Cross-Modal Retrieval:
  top1: 0.1638
  top5: 0.3678
  top10: 0.4713
  MRR: 0.2693

Cross-Modal Reconstruction:
  R2: -0.0153

Temporal Order Verification:
  accuracy: 0.4540
  f1: 0.5400

Multimodal Synchronization Detection:
  accuracy: 0.5159
  f1: 0.5052

How To Read These Results

Low scores are useful here. They show which tasks are not learnable from this one chronological sample with this minimal model.

The strongest signal is Cross-Modal Retrieval: motion/IMU/camera/audio features can retrieve the matching depth/video window better than random. That means the modalities are synchronized and contain shared temporal structure.

The weakest supervised timeline tasks are weak mainly because of the split.
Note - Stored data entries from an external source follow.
theorem theorem1:
  fixes m :: nat
  shows "(\<forall>\<epsilon>::real>0. (\<lambda>t::real. zeta_deriv m (Complex 1 t)) \<in> O[at_top](\<lambda>t. of_real (ln t powr \<epsilon>)))
     \<longleftrightarrow>
     (\<forall>\<epsilon>::real>0. \<forall>k::nat. k > 0 \<longrightarrow>
        (\<lambda>T::real. 1 / (2 * Delta m T) *
            integral {T - Delta m T .. T + Delta m T}
              (\<lambda>t. norm (zeta_deriv m (Complex 1 t)) ^ (2 * k)))
        \<in> O[at_top](\<lambda>T. ln T powr \<epsilon>))"
  unfolding window_mean_def[symmetric]
proof (intro iffI allI impI)
  fix \<epsilon> :: real and k :: nat
  assume "\<forall>\<epsilon>>0. (\<lambda>t. zeta_deriv m (Complex 1 t)) \<in> O[at_top](\<lambda>t. of_real (ln t powr \<epsilon>))"
    and "\<epsilon> > 0" "k > 0"
  then have "(\<lambda>t. zeta_deriv m (Complex 1 t)) \<in> O[at_top](\<lambda>t. of_real (ln t powr (\<epsilon> / (2 * k))))"
    by simp
  from zeta_deriv_moment_bigo[OF this, of "2 * k"] \<open>\<epsilon> > 0\<close> \<open>k > 0\<close>
  show "(\<lambda>T. window_mean (\<lambda>t. norm (zeta_deriv m (Complex 1 t)) ^ (2 * k)) (Delta m T) T)
          \<in> O[at_top](\<lambda>T. ln T powr \<epsilon>)"
    by simp
next
  fix \<epsilon> :: real
  assume moments: "\<forall>\<epsilon>>0. \<forall>k>0.
      (\<lambda>T. window_mean (\<lambda>t. norm (zeta_deriv m (Complex 1 t)) ^ (2 * k)) (Delta m T) T)
        \<in> O[at_top](\<lambda>T. ln T powr \<epsilon>)"
    and "\<epsilon> > 0"
  then have "(\<lambda>T. window_mean (\<lambda>t. norm (zeta_deriv m (Complex 1 t)) ^ 2) (Delta m T) T)
               \<in> O[at_top](\<lambda>T. ln T powr (2 * \<epsilon>))"
    using moments[rule_format, of "2 * \<epsilon>" 1] by simp
  then show "(\<lambda>t. zeta_deriv m (Complex 1 t)) \<in> O[at_top](\<lambda>t. of_real (ln t powr \<epsilon>))"
    using \<open>\<epsilon> > 0\<close> by (intro zeta_deriv_bigo_of_mean_square_bigo) auto
qed

end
The last 30% of a single ordered episode contains actions/subtasks not present in the first 70%, so a classifier trained on the first part cannot predict labels it never saw.

For serious research, keep the same task code but change the dataset unit:

many episodes -> train episodes -> test unseen episodes

For single-episode learning, these tasks are best used as:

data pipeline tests
modality ablations
label-alignment checks
self-supervised retrieval experiments
debugging templates before scaling to many episodes